With COVID-19 top of mind for many contract developers and manufacturers right now, Thermo Fisher Scientific has blueprinted a manufacturing boost to tackle pandemic work in the short-term—and vastly expand capacity in the years to come.
Thermo Fisher will upgrade its bioprocessing operations with more than $ 600 million in capital investments, plus at least 1,500 new hires, the company said Wednesday. The expansion, which will more than double the CDMO’s production capacity, will support both short-term COVID-19 demand and bolster the company’s long-term efforts to develop biologics and vaccines for other diseases.
Expected to wrap in 2022, the upgrades will include staff-ups at 11 Thermo Fisher manufacturing plants across the Americas, Europe and Asia, alongside targeted investments to shore up supplies of single-use technologies, purification resins and cell culture media.
Specifically, the company aims to add capacity for its “single-use technologies” business at sites in Utah and Pennsylvania, the United Kingdom, Singapore and China. Meanwhile, the company has its sights set on an additional investment to expand bioprocessing equipment and automation capacity at its Santa Clara, California, site.
Thermo Fisher’s purification network, which makes process-scale chromatography resins for a variety of products, including vaccines and gene therapies, will also get a boost. The company is moving to expand its POROS resin manufacturing site in Bedford, Massachusetts, and open a new 85,000-square-foot manufacturing plant in that state.

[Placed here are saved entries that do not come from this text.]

context
  fixes \<rho> :: "('x \<times> 'w) measure"
  assumes borel_prob_\<rho>: "borel_prob \<rho>" and abs_cont_\<rho>: "absolutely_continuous lam \<rho>"
begin

lemma density_RN_deriv_lam: "density lam (RN_deriv lam \<rho>) = \<rho>"
  using sigma_finite_measure.density_RN_deriv[OF _ abs_cont_\<rho>] borel_prob_\<rho> borel_prob_lam
  by (simp add: borel_prob_def prob_space_imp_sigma_finite)

lemma emeasure_eq_nn_integral_cond_measure:
  assumes S: "S \<in> sets borel"
  shows "emeasure \<rho> S = (\<integral>\<^sup>+x. emeasure (cond_measure \<rho> x) (Pair x -` S) \<partial>\<mu>)"
proof -
  have "emeasure \<rho> S = (\<integral>\<^sup>+p. RN_deriv lam \<rho> p * indicator S p \<partial>lam)"
    using S by (subst (1) density_RN_deriv_lam[symmetric]) (simp add: emeasure_density sets_lam)
  also have "\<dots> = (\<integral>\<^sup>+x. \<integral>\<^sup>+w. RN_deriv lam \<rho> (x, w) * indicator S (x, w) \<partial>L x \<partial>\<mu>)"
    using S by (intro nn_integral_lam borel_measurable_times_ennreal RN_deriv_lam_measurable
        borel_measurable_indicator)
  also have "\<dots> = (\<integral>\<^sup>+x. emeasure (cond_measure \<rho> x) (Pair x -` S) \<partial>\<mu>)"
  proof (rule nn_integral_cong)
    fix x
    have "Pair x -` S \<in> sets borel"
      using measurable_sets[OF Pair_measurable_borel S] by simp
    then show "(\<integral>\<^sup>+w. RN_deriv lam \<rho> (x, w) * indicator S (x, w) \<partial>L x) =
        emeasure (cond_measure \<rho> x) (Pair x -` S)"
      by (simp add: emeasure_cond_measure indicator_def)
  qed
  finally show ?thesis .
qed

lemma emeasure_Times_eq_nn_integral_cond_measure:
  assumes "E \<in> sets borel" "F \<in> sets borel"
  shows "emeasure \<rho> (E \<times> F) = (\<integral>\<^sup>+x. emeasure (cond_measure \<rho> x) F * indicator E x \<partial>\<mu>)"
proof -
  have "emeasure (cond_measure \<rho> x) (Pair x -` (E \<times> F)) = emeasure (cond_measure \<rho> x) F * indicator E x"
    for x by (simp add: indicator_def vimage_def)
  then show ?thesis
    using assms by (simp add: emeasure_eq_nn_integral_cond_measure borel_Times)
qed


lemma AE_cond_measure_eq_L:
  assumes "countable \<S>" "\<S> \<subseteq> sets borel"
    and "\<And>E S. E \<in> sets borel \<Longrightarrow> S \<in> \<S> \<Longrightarrow> emeasure \<rho> (E \<times> S) = emeasure lam (E \<times> S)"
  shows "AE x in \<mu>. \<forall>S\<in>\<S>. emeasure (cond_measure \<rho> x) S = emeasure (L x) S"
  unfolding AE_ball_countable[OF assms(1)]
proof
  fix S assume "S \<in> \<S>"
  then have S: "S \<in> sets borel" using assms(2) by auto
  show "AE x in \<mu>. emeasure (cond_measure \<rho> x) S = emeasure (L x) S"
  proof (rule finite_measure.density_unique_finite_measure[OF finite_measure_\<mu>])
    show "(\<lambda>x. emeasure (cond_measure \<rho> x) S) \<in> borel_measurable \<mu>"
      using S by (rule measurable_emeasure_cond_measure)
    show "(\<lambda>x. emeasure (L x) S) \<in> borel_measurable \<mu>"
      using S measurable_compose[OF L_measurable measurable_emeasure_subprob_algebra] by simp
    fix E assume "E \<in> sets \<mu>"
    then show "(\<integral>\<^sup>+x. emeasure (cond_measure \<rho> x) S * indicator E x \<partial>\<mu>) =
        (\<integral>\<^sup>+x. emeasure (L x) S * indicator E x \<partial>\<mu>)"
      using assms(3)[OF _ \<open>S \<in> \<S>\<close>] S
      by (simp add: sets_\<mu> emeasure_Times_eq_nn_integral_cond_measure emeasure_lam_Times)
  qed auto
qed

end

lemma AE_is_convex_comb_cond_measure:
  assumes "borel_prob \<rho>1" "absolutely_continuous lam \<rho>1"
    and "borel_prob \<rho>2" "absolutely_continuous lam \<rho>2"
    and convex: "is_convex_comb t \<rho>1 \<rho>2 lam"
  shows "AE x in \<mu>. is_convex_comb t (cond_measure \<rho>1 x) (cond_measure \<rho>2 x) (L x)"
proof -
  let ?f = "\<lambda>p. ennreal t * RN_deriv lam \<rho>1 p + ennreal (1 - t) * RN_deriv lam \<rho>2 p"
  have "density lam ?f = density lam (\<lambda>_. 1)"
  proof (rule measure_eqI)
    fix A assume "A \<in> sets (density lam ?f)"
    then have A: "A \<in> sets borel" by (simp add: sets_lam)
    have "emeasure (density lam ?f) A = ennreal t * emeasure \<rho>1 A + ennreal (1 - t) * emeasure \<rho>2 A"
      using A assms(1-4) by (simp add: emeasure_density_convex_comb sets_lam density_RN_deriv_lam)
    also have "\<dots> = emeasure (density lam (\<lambda>_. 1)) A"
      using A convex by (simp add: is_convex_comb_def density_1)
    finally show "emeasure (density lam ?f) A = emeasure (density lam (\<lambda>_. 1)) A" .
  qed simp
  then have "AE p in lam. ?f p = 1"
    using borel_prob_lam
    by (intro sigma_finite_measure.density_unique) (auto simp: borel_prob_def prob_space_imp_sigma_finite)
  then have "AE x in \<mu>. AE w in L x. ?f (x, w) = 1"
    by (rule AE_lam_imp_AE_L)
  then show ?thesis
  proof eventually_elim
    case (elim x)
    have L_eq: "L x = density (L x) (\<lambda>w. ?f (x, w))"
      using density_cong[OF _ _ elim] by (simp add: density_1 measurable_section_L)
    show ?case
      unfolding is_convex_comb_def cond_measure_def
    proof
      fix A :: "'w set" assume A: "A \<in> sets borel"
      have "emeasure (L x) A = emeasure (density (L x) (\<lambda>w. ?f (x, w))) A"
        by (subst L_eq[symmetric]) (rule refl)
      also have "\<dots> = ennreal t * emeasure (density (L x) (\<lambda>w. RN_deriv lam \<rho>1 (x, w))) A
          + ennreal (1 - t) * emeasure (density (L x) (\<lambda>w. RN_deriv lam \<rho>2 (x, w))) A"
        using A by (intro emeasure_density_convex_comb measurable_section_L RN_deriv_lam_measurable)
          (simp add: sets_L)
      finally show "emeasure (L x) A = ennreal t * emeasure (density (L x) (\<lambda>w. RN_deriv lam \<rho>1 (x, w))) A
          + ennreal (1 - t) * emeasure (density (L x) (\<lambda>w. RN_deriv lam \<rho>2 (x, w))) A" .
    qed
  qed
qed
(* Let $\mathcal{A}$ and $\mathcal{B}$ be $C^{*}$-algebras, let $\Xi$ be a Hilbert $\mathcal{A}$-module and $\nabla$ a Hilbert $\mathcal{B}$-module. Let $f:\Xi \rightarrow \nabla$ be a mapping for which there exists a function $\varphi:\Xi^{3}\rightarrow[0,\infty)$ such that $$\| f(\mu x+y)-\mu f(x)-f(y)\| \leq \varphi(x,y,0)$$ and $$\| f(\langle x,y\rangle z)-\langle f(x),f(y)\rangle f(z)\| \leq \varphi(x,y,z)$$ for all $x,y,z\in\Xi$ and all $\mu\in\mathbb{T}$. If there exists $0\leq L<1$ such that $\varphi(x,y,z)\leq 2L\,\varphi\left(\frac{x}{2},\frac{y}{2},\frac{z}{2}\right)$ for all $x,y,z\in\Xi$, then there exists a unique Hilbert $C^{*}$-module homomorphism $H:\Xi\rightarrow\nabla$ such that $$\|f(x)-H(x)\|\leq \frac{1}{2-2L}\varphi(x,x,0)$$ for all $x\in\Xi$.
   Context: $\mathbb{T}=\{z\in\mathbb{C}:|z|=1\}$. For a $C^{*}$-algebra $\mathcal{A}$, a (left) Hilbert $\mathcal{A}$-module is a complex linear space $\Xi$ with a compatible left $\mathcal{A}$-module action ($\lambda(ax)=(\lambda a)x=a(\lambda x)$) and a map $\langle\cdot,\cdot\rangle:\Xi\times\Xi\to\mathcal{A}$ that is linear in the first variable, satisfies $\langle ax,y\rangle=a\langle x,y\rangle$, $\langle x,y\rangle^{*}=\langle y,x\rangle$, $\langle x,x\rangle\geq 0$ with equality iff $x=0$, and such that $\Xi$ is complete in the norm $\|x\|=\|\langle x,x\rangle\|^{1/2}$. For a Hilbert $\mathcal{A}$-module $\Xi$ and a Hilbert $\mathcal{B}$-module $\nabla$, a Hilbert $C^{*}$-module homomorphism is a $\mathbb{C}$-linear map $H:\Xi\to\nabla$ with $H(\langle x,y\rangle z)=\langle H(x),H(y)\rangle H(z)$ for all $x,y,z\in\Xi$. *)

theory Defs
  imports Complex_Main
begin
(* Let $\mathcal G$ be a partition of $[n]$ into sets of size $\tau$, and let $S$ be the $\tau$-partition sampling ($\Pr(S=C)=\tau/n$ for $C\in\mathcal G$). Let $\mathbf W=\mathrm{diag}(w_1,\dots,w_n)\succ0$, $\mathbf S=\mathbf I_S$ and $\theta_{\mathbf S}=\frac{1}{c_1p_S}=\frac{n}{\tau}$ (here $c_1=1$). Then the sketch residual satisfies $$\rho\le\frac n\tau\max_{C\in\mathcal G}\sum_{i\in C}w_i.$$
   Context: $\mathbf I_S$ is the column submatrix of the $n\times n$ identity with columns indexed by $S$; $e$ is the all-ones vector; $\Pi_{\mathbf S}=\mathbf S(\mathbf S^\top\mathbf W\mathbf S)^\dagger\mathbf S^\top\mathbf W$; the sketch residual is $\rho=\lambda_{\max}\big(\mathbf W^{1/2}(\mathbb{E}[\theta_{\mathbf S}^2\Pi_{\mathbf S}ee^\top\Pi_{\mathbf S}^\top]-ee^\top)\mathbf W^{1/2}\big)$. *)

theory Defs
  imports "Jordan_Normal_Form.Char_Poly"
begin

text \<open>Real matrices are Jordan_Normal_Form matrices; indices of [n] are 0..n-1.\<close>

text \<open>Column submatrix of the n x n identity with columns indexed by S (increasing order).\<close>
definition idcols :: "nat \<Rightarrow> nat set \<Rightarrow> real mat" where
  "idcols n S = mat n (card S) (\<lambda>(i,j). if i = sorted_list_of_set S ! j then 1 else 0)"

text \<open>Moore-Penrose pseudoinverse (real case: conjugate transpose = transpose).\<close>
definition is_pinv :: "real mat \<Rightarrow> real mat \<Rightarrow> bool" where
  "is_pinv A X \<longleftrightarrow> X \<in> carrier_mat (dim_col A) (dim_row A) \<and>
     A * X * A = A \<and> X * A * X = X \<and>
     transpose_mat (A * X) = A * X \<and> transpose_mat (X * A) = X * A"

definition pinv :: "real mat \<Rightarrow> real mat" where
  "pinv A = (THE X. is_pinv A X)"

definition psd :: "real mat \<Rightarrow> bool" where
  "psd A \<longleftrightarrow> A \<in> carrier_mat (dim_row A) (dim_row A) \<and> transpose_mat A = A \<and>
     (\<forall>v \<in> carrier_vec (dim_row A). v \<bullet> (A *\<^sub>v v) \<ge> 0)"

definition mat_sqrt :: "real mat \<Rightarrow> real mat" where
  "mat_sqrt A = (THE X. psd X \<and> X \<in> carrier_mat (dim_row A) (dim_row A) \<and> X * X = A)"

definition lambda_max :: "real mat \<Rightarrow> real" where
  "lambda_max A = Max {k. eigenvalue A k}"

definition proj_S :: "real mat \<Rightarrow> real mat \<Rightarrow> real mat" where
  "proj_S W S = S * pinv (transpose_mat S * W * S) * transpose_mat S * W"

definition ones_vec :: "nat \<Rightarrow> real vec" where
  "ones_vec n = vec n (\<lambda>_. 1)"

definition outer :: "real vec \<Rightarrow> real vec \<Rightarrow> real mat" where
  "outer u v = mat (dim_vec u) (dim_vec v) (\<lambda>(i,j). u $ i * v $ j)"

text \<open>Sketch residual for a random sketch S = I_C, C drawn from the finite support Omega
  with probabilities p C, and weights theta C:
  rho = lambda_max (W^(1/2) (E[theta^2 Pi e e^T Pi^T] - e e^T) W^(1/2)).\<close>
definition sketch_residual ::
  "nat \<Rightarrow> real mat \<Rightarrow> nat set set \<Rightarrow> (nat set \<Rightarrow> real) \<Rightarrow> (nat set \<Rightarrow> real) \<Rightarrow> real" where
  "sketch_residual n W \<Omega> p \<theta> =
     (let E = mat n n (\<lambda>(i,j). \<Sum>C\<in>\<Omega>. p C * (\<theta> C)\<^sup>2 *
                 (outer (proj_S W (idcols n C) *\<^sub>v ones_vec n) (proj_S W (idcols n C) *\<^sub>v ones_vec n)) $$ (i,j));
          Wh = mat_sqrt W
      in lambda_max (Wh * (E - outer (ones_vec n) (ones_vec n)) * Wh))"

end

theory Submission
  imports Defs "HOL-Analysis.Convex" "HOL-Library.Disjoint_Sets"
begin

(* For diagonal W the projection Pi_S of the sketch S = I_C is the coordinate projection
   onto C, so Pi_S e is the indicator vector 1_C and the expectation in rho equals
   (n/tau) sum_C 1_C 1_C^T. Since W^(1/2) = diag (sqrt w), the quadratic form of the
   residual matrix at v is
     (n/tau) sum_C (sum_{i in C} sqrt (w i) v_i)^2 - (sum_i sqrt (w i) v_i)^2,
   and Cauchy-Schwarz on each block bounds it by (n/tau) max_C (sum_{i in C} w i) |v|^2.
   This bounds every eigenvalue, hence lambda_max. *)

lemma mat_diag_index [simp]:
  "i < n \<Longrightarrow> j < n \<Longrightarrow> mat_diag n f $$ (i, j) = (if i = j then f i else 0)"
  by (simp add: mat_diag_def)

lemma transpose_mat_diag [simp]: "transpose_mat (mat_diag n f) = mat_diag n f"
  by (auto simp: mat_diag_def intro!: eq_matI)

lemma dim_mat_diag [simp]: "dim_row (mat_diag n f) = n" "dim_col (mat_diag n f) = n"
  by (simp_all add: mat_diag_def)

lemma mat_diag_cong: "(\<And>i. i < n \<Longrightarrow> f i = g i) \<Longrightarrow> mat_diag n f = mat_diag n g"
  by (auto simp: mat_diag_def intro!: eq_matI)

lemma mat_diag_mult_vec:
  assumes "v \<in> carrier_vec n"
  shows "mat_diag n f *\<^sub>v v = vec n (\<lambda>i. f i * v $ i)"
proof (rule eq_vecI)
  fix i assume "i < dim_vec (vec n (\<lambda>i. f i * v $ i))"
  then have i: "i < n" by simp
  have "(mat_diag n f *\<^sub>v v) $ i = (\<Sum>j\<in>{0..<n}. (if i = j then f j else 0) * v $ j)"
    using i assms by (simp add: mat_diag_def scalar_prod_def)
  also have "\<dots> = (\<Sum>j\<in>{0..<n}. if i = j then f j * v $ j else 0)"
    by (rule sum.cong) auto
  also have "\<dots> = f i * v $ i"
    using i by simp
  finally show "(mat_diag n f *\<^sub>v v) $ i = vec n (\<lambda>i. f i * v $ i) $ i"
    using i by simp
qed (use assms in auto)

lemma quadratic_form_mat_diag:
  fixes f :: "nat \<Rightarrow> real"
  assumes "v \<in> carrier_vec n"
  shows "v \<bullet> (mat_diag n f *\<^sub>v v) = (\<Sum>i\<in>{0..<n}. f i * (v $ i)\<^sup>2)"
proof -
  have "v \<bullet> (mat_diag n f *\<^sub>v v) = (\<Sum>i\<in>{0..<n}. v $ i * (f i * v $ i))"
    using assms by (simp add: mat_diag_mult_vec scalar_prod_def)
  also have "\<dots> = (\<Sum>i\<in>{0..<n}. f i * (v $ i)\<^sup>2)"
    by (simp add: power2_eq_square mult.left_commute)
  finally show ?thesis .
qed

lemma psd_mat_diag:
  fixes f :: "nat \<Rightarrow> real"
  assumes "\<And>i. i < n \<Longrightarrow> 0 \<le> f i"
  shows "psd (mat_diag n f)"
  using assms by (auto simp: psd_def quadratic_form_mat_diag intro!: sum_nonneg)

lemma positive_definite_mat_diag:
  fixes f :: "nat \<Rightarrow> real"
  assumes f: "\<And>i. i < n \<Longrightarrow> 0 < f i" and v: "v \<in> carrier_vec n" "v \<noteq> 0\<^sub>v n"
  shows "0 < v \<bullet> (mat_diag n f *\<^sub>v v)"
proof -
  obtain i where i: "i < n" "v $ i \<noteq> 0"
    using v by (metis carrier_vecD eq_vecI index_zero_vec)
  have "0 < (\<Sum>i\<in>{0..<n}. f i * (v $ i)\<^sup>2)"
    using f i by (intro sum_pos2[where i = i]) (auto intro!: mult_nonneg_nonneg less_imp_le[OF f])
  then show ?thesis
    using v by (simp add: quadratic_form_mat_diag)
qed

lemma pinv_eqI:
  assumes A: "A \<in> carrier_mat n n" and B: "B \<in> carrier_mat n n"
    and AB: "A * B = 1\<^sub>m n" and BA: "B * A = 1\<^sub>m n"
  shows "pinv A = B"
  unfolding pinv_def
proof (rule the_equality)
  show "is_pinv A B"
    using A B AB BA by (simp add: is_pinv_def)
next
  fix X assume "is_pinv A X"
  then have X: "X \<in> carrier_mat n n" and AXA: "A * X * A = A"
    using A by (auto simp: is_pinv_def)
  have "X = (B * A) * X * (A * B)"
    using X by (simp add: AB BA)
  also have "\<dots> = B * (A * X * A) * B"
    using A B X by (simp add: assoc_mult_mat[of _ n n _ n _ n])
  also have "\<dots> = B"
    using A B by (simp add: AXA BA)
  finally show "X = B" .
qed

lemma pinv_mat_diag:
  fixes f :: "nat \<Rightarrow> real"
  assumes "\<And>i. i < n \<Longrightarrow> f i \<noteq> 0"
  shows "pinv (mat_diag n f) = mat_diag n (\<lambda>i. 1 / f i)"
  using assms by (intro pinv_eqI[of _ n]) (auto simp flip: mat_diag_one intro!: mat_diag_cong)

lemma idcols_carrier [simp]: "idcols n C \<in> carrier_mat n (card C)"
  by (simp add: idcols_def)

lemma dim_idcols [simp]: "dim_row (idcols n C) = n" "dim_col (idcols n C) = card C"
  by (simp_all add: idcols_def)

lemma idcols_index:
  "i < n \<Longrightarrow> k < card C \<Longrightarrow> idcols n C $$ (i, k) = of_bool (i = sorted_list_of_set C ! k)"
  by (simp add: idcols_def)

lemma sorted_list_of_set_nth_less:
  fixes n :: nat
  assumes "C \<subseteq> {0..<n}" "k < card C"
  shows "sorted_list_of_set C ! k < n"
proof -
  have "finite C"
    using assms(1) by (rule finite_subset) simp
  then have "sorted_list_of_set C ! k \<in> C"
    using nth_mem[of k "sorted_list_of_set C"] assms(2) by simp
  then show ?thesis
    using assms(1) by (meson atLeastLessThan_iff subsetD)
qed

lemma sum_of_bool_delta:
  fixes g :: "'a \<Rightarrow> 'b :: semiring_1"
  assumes "finite A"
  shows "(\<Sum>x\<in>A. of_bool (i = x) * g x * of_bool (j = x)) = of_bool (i = j \<and> i \<in> A) * g i"
proof -
  have "(\<Sum>x\<in>A. of_bool (i = x) * g x * of_bool (j = x)) = (\<Sum>x\<in>A. if x = i then of_bool (j = i) * g i else 0)"
    by (rule sum.cong) auto
  then show ?thesis
    using assms by (simp add: sum.delta')
qed

lemma idcols_gram_mat_diag:
  assumes C: "C \<subseteq> {0..<n}"
  shows "transpose_mat (idcols n C) * mat_diag n f * idcols n C
           = mat_diag (card C) (\<lambda>k. f (sorted_list_of_set C ! k))"
proof -
  let ?s = "sorted_list_of_set C"
  have "transpose_mat (idcols n C) * mat_diag n f
          = mat (card C) n (\<lambda>(k, i). idcols n C $$ (i, k) * f i)"
    by (subst mat_diag_mult_right[of _ "card C"]) (auto intro!: eq_matI)
  also have "\<dots> * idcols n C = mat_diag (card C) (\<lambda>k. f (?s ! k))"
  proof (rule eq_matI)
    fix k l assume "k < dim_row (mat_diag (card C) (\<lambda>k. f (?s ! k)))"
      "l < dim_col (mat_diag (card C) (\<lambda>k. f (?s ! k)))"
    then have kl: "k < card C" "l < card C" by auto
    have "(mat (card C) n (\<lambda>(k, i). idcols n C $$ (i, k) * f i) * idcols n C) $$ (k, l)
            = (\<Sum>i\<in>{0..<n}. of_bool (i = ?s ! k) * f i * of_bool (i = ?s ! l))"
      using kl by (auto simp: scalar_prod_def idcols_index intro!: sum.cong)
    also have "\<dots> = of_bool (?s ! k = ?s ! l) * f (?s ! k)"
      using sorted_list_of_set_nth_less[OF C kl(1)] by (simp add: sum_of_bool_delta)
    also have "\<dots> = mat_diag (card C) (\<lambda>k. f (?s ! k)) $$ (k, l)"
      using kl C finite_subset[OF C] by (simp add: nth_eq_iff_index_eq)
    finally show "(mat (card C) n (\<lambda>(k, i). idcols n C $$ (i, k) * f i) * idcols n C) $$ (k, l)
                    = mat_diag (card C) (\<lambda>k. f (?s ! k)) $$ (k, l)" .
  qed auto
  finally show ?thesis .
qed

lemma idcols_mat_diag_transpose:
  assumes C: "C \<subseteq> {0..<n}"
  shows "idcols n C * mat_diag (card C) (\<lambda>k. g (sorted_list_of_set C ! k)) * transpose_mat (idcols n C)
           = mat_diag n (\<lambda>i. if i \<in> C then g i else 0)"
proof -
  let ?s = "sorted_list_of_set C"
  have finC: "finite C"
    using C finite_subset by blast
  have "idcols n C * mat_diag (card C) (\<lambda>k. g (?s ! k))
          = mat n (card C) (\<lambda>(i, k). idcols n C $$ (i, k) * g (?s ! k))"
    by (rule mat_diag_mult_right) simp
  also have "\<dots> * transpose_mat (idcols n C) = mat_diag n (\<lambda>i. if i \<in> C then g i else 0)"
  proof (rule eq_matI)
    fix i l assume "i < dim_row (mat_diag n (\<lambda>i. if i \<in> C then g i else 0))"
      "l < dim_col (mat_diag n (\<lambda>i. if i \<in> C then g i else 0))"
    then have il: "i < n" "l < n" by auto
    have "(mat n (card C) (\<lambda>(i, k). idcols n C $$ (i, k) * g (?s ! k)) * transpose_mat (idcols n C)) $$ (i, l)
            = (\<Sum>k\<in>{..<length ?s}. of_bool (i = ?s ! k) * g (?s ! k) * of_bool (l = ?s ! k))"
      using il finC by (auto simp: scalar_prod_def idcols_index atLeast0LessThan intro!: sum.cong)
    also have "\<dots> = (\<Sum>x\<in>C. of_bool (i = x) * g x * of_bool (l = x))"
      using finC by (intro sum.reindex_bij_betw bij_betw_nth) auto
    also have "\<dots> = mat_diag n (\<lambda>i. if i \<in> C then g i else 0) $$ (i, l)"
      using il finC by (simp add: sum_of_bool_delta)
    finally show "(mat n (card C) (\<lambda>(i, k). idcols n C $$ (i, k) * g (?s ! k))
                     * transpose_mat (idcols n C)) $$ (i, l)
                   = mat_diag n (\<lambda>i. if i \<in> C then g i else 0) $$ (i, l)" .
  qed auto
  finally show ?thesis .
qed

Lastly, the company is adding capacity at other sites in New York, Florida and Scotland to beef up production of Gibco cell culture media, supplements and process liquids, and customer-owned media formulations. The cash infusion will create redundancy at the sites to help shore up global supply, Thermo Fisher said.
One of the world’s largest contract manufacturers, Thermo Fisher’s biggest pandemic play has come via its contributions to COVID-19 testing, though the company has pitched in on drugs and vaccines, as well.
Humanigen in September tapped the CDMO to help scale up capacity of its COVID-fighting monoclonal antibody lenzilumab, which is currently plowing ahead in a phase 3 trial in patients with severe disease. Humanigen in January said it had completed enrollment for its study and expected to debut top-line data this month.
Meanwhile, Inovio that same month folded Thermo Fisher into the manufacturing network for its DNA-based vaccine hopeful, INO-4800, but that company has a ways to go before its shot would be ready for broad usage.